### Assignment:
How many lines in the listing contain the word "pinv"? Reply with the number alone.

### Input:
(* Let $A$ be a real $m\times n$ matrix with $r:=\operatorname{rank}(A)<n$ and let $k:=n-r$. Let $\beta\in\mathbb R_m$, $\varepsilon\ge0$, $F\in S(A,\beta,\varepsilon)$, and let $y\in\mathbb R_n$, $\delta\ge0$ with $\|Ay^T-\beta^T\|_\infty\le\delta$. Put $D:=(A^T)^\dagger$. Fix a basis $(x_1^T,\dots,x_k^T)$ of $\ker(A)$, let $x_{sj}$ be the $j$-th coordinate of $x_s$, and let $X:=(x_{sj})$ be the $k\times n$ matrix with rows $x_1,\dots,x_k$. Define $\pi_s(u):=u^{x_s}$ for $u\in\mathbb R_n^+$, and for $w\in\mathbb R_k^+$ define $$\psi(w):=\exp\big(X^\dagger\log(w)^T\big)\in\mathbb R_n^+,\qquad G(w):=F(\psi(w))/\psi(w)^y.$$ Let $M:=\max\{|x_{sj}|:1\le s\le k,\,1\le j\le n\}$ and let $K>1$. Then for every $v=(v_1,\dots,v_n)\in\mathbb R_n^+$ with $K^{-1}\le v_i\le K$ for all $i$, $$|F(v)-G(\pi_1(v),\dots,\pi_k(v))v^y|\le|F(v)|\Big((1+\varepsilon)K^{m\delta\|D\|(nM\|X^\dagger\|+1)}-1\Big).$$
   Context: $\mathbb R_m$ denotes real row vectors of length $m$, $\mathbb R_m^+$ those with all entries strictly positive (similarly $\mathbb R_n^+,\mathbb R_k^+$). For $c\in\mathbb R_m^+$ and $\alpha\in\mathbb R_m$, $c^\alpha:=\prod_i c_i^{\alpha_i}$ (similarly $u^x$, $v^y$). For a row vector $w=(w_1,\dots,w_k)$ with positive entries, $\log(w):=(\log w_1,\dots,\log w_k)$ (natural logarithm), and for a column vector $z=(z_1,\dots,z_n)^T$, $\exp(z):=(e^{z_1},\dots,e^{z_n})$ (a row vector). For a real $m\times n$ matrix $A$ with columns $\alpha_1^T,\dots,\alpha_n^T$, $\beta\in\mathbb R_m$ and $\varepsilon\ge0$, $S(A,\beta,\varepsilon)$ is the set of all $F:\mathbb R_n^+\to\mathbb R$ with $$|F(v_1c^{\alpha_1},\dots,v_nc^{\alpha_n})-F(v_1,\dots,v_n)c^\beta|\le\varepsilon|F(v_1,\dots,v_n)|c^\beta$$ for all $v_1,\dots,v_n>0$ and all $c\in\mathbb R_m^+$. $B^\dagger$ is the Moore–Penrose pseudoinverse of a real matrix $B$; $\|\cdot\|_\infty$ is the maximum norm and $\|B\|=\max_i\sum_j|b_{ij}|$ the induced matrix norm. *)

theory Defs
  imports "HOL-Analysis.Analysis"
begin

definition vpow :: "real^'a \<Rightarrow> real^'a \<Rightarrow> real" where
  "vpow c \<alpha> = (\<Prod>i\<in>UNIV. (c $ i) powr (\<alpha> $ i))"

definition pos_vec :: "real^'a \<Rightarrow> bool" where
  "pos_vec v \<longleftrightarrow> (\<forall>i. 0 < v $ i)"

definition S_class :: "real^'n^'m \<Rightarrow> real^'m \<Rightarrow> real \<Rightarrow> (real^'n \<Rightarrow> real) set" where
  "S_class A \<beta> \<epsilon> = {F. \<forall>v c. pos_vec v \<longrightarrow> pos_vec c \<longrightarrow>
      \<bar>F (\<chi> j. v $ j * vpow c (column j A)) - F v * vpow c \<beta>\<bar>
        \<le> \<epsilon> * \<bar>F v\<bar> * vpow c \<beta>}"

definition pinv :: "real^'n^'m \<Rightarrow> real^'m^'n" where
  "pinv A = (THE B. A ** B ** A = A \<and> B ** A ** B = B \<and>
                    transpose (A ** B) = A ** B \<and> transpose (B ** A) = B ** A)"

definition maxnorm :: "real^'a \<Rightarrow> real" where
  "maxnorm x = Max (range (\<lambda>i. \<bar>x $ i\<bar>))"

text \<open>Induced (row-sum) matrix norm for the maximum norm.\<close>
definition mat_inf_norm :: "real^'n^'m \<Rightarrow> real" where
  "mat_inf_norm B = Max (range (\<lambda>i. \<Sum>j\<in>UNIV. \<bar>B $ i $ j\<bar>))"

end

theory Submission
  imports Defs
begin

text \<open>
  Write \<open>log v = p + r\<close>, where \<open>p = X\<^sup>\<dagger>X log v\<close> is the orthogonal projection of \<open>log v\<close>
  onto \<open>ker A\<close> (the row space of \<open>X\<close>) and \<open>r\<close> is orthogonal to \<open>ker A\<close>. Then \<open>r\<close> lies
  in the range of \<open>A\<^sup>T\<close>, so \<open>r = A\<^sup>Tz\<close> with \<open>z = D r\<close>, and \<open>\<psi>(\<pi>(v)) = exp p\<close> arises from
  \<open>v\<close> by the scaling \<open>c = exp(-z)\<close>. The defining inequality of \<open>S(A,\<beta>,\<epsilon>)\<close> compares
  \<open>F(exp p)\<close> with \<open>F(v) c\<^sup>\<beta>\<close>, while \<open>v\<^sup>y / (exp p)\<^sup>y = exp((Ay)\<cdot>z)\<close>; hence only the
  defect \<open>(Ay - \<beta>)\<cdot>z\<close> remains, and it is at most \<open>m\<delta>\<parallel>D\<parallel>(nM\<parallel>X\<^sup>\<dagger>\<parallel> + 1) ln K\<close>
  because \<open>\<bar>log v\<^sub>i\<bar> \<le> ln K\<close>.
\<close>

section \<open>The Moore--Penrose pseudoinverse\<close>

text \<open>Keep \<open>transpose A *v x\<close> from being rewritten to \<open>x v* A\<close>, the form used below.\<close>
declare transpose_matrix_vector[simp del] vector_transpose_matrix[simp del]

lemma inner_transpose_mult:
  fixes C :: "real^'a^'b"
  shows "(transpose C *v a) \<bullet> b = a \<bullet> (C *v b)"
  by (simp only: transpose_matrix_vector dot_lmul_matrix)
--
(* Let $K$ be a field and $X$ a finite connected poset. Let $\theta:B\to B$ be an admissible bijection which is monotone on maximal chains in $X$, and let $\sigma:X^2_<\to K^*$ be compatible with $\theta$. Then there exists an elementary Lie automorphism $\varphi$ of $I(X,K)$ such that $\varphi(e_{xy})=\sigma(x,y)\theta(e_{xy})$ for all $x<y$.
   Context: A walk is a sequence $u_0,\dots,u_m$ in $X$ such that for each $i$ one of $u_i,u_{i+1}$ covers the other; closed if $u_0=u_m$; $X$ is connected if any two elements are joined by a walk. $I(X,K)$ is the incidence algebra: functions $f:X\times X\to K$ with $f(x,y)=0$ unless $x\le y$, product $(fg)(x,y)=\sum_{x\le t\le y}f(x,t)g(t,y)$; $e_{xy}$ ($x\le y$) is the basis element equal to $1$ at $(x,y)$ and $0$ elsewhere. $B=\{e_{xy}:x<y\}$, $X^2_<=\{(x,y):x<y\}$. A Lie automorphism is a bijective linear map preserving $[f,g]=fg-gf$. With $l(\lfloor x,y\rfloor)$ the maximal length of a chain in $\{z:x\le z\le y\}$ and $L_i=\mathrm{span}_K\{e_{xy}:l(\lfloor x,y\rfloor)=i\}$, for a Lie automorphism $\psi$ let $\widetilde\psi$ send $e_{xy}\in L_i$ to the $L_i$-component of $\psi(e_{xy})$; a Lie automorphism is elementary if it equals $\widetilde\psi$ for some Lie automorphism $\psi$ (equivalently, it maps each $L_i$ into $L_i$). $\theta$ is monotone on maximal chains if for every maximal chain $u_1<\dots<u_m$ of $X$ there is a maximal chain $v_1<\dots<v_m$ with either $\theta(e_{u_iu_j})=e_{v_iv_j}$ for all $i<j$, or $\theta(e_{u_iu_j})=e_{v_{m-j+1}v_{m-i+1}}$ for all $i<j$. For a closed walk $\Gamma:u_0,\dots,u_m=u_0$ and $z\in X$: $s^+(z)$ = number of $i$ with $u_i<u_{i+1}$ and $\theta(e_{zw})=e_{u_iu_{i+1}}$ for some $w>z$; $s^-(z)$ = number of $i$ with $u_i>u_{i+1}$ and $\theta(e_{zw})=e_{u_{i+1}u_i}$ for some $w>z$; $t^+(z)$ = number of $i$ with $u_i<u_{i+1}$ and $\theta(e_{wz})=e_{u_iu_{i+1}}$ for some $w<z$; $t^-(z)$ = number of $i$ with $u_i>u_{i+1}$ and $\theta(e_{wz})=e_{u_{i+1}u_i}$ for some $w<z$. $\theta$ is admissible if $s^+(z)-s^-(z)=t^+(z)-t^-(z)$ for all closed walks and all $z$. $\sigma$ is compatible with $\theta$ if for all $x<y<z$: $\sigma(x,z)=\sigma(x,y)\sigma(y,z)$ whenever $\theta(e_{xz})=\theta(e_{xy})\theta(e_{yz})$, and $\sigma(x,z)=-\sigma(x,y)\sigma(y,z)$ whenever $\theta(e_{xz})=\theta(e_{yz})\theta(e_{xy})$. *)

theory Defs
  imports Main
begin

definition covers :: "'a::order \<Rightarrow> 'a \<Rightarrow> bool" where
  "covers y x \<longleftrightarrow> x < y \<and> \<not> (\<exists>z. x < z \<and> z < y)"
---
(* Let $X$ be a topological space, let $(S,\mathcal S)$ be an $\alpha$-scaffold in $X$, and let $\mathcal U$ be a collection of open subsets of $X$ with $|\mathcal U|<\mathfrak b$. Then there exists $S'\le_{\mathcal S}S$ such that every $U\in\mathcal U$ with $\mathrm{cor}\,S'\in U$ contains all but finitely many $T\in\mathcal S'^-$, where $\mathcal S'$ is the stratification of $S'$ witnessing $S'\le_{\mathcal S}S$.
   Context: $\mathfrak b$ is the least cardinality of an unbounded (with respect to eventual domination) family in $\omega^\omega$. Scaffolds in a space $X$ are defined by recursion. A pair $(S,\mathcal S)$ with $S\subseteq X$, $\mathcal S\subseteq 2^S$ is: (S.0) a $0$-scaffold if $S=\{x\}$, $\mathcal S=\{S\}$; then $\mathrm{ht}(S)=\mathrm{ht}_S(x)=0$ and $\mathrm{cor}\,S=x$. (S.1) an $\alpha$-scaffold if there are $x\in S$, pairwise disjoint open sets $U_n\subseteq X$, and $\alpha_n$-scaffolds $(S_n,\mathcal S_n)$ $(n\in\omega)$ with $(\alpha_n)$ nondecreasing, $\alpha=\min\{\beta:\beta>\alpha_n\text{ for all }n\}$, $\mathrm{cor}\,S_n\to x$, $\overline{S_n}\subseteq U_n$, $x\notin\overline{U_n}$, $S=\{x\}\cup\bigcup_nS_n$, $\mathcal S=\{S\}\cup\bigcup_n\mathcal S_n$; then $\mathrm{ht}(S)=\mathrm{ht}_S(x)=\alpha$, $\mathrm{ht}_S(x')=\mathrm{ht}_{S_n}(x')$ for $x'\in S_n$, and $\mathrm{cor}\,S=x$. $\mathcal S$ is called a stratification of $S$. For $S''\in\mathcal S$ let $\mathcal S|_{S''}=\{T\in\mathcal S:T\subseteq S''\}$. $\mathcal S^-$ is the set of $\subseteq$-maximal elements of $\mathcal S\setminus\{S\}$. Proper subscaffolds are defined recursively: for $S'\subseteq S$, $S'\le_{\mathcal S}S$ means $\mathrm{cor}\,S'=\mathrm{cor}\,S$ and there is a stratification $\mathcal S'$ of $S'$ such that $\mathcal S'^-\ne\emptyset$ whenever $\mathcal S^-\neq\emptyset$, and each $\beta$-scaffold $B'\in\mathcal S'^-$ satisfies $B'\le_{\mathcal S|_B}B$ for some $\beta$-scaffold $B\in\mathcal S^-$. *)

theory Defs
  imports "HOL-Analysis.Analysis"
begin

### Solution to this exercise:
2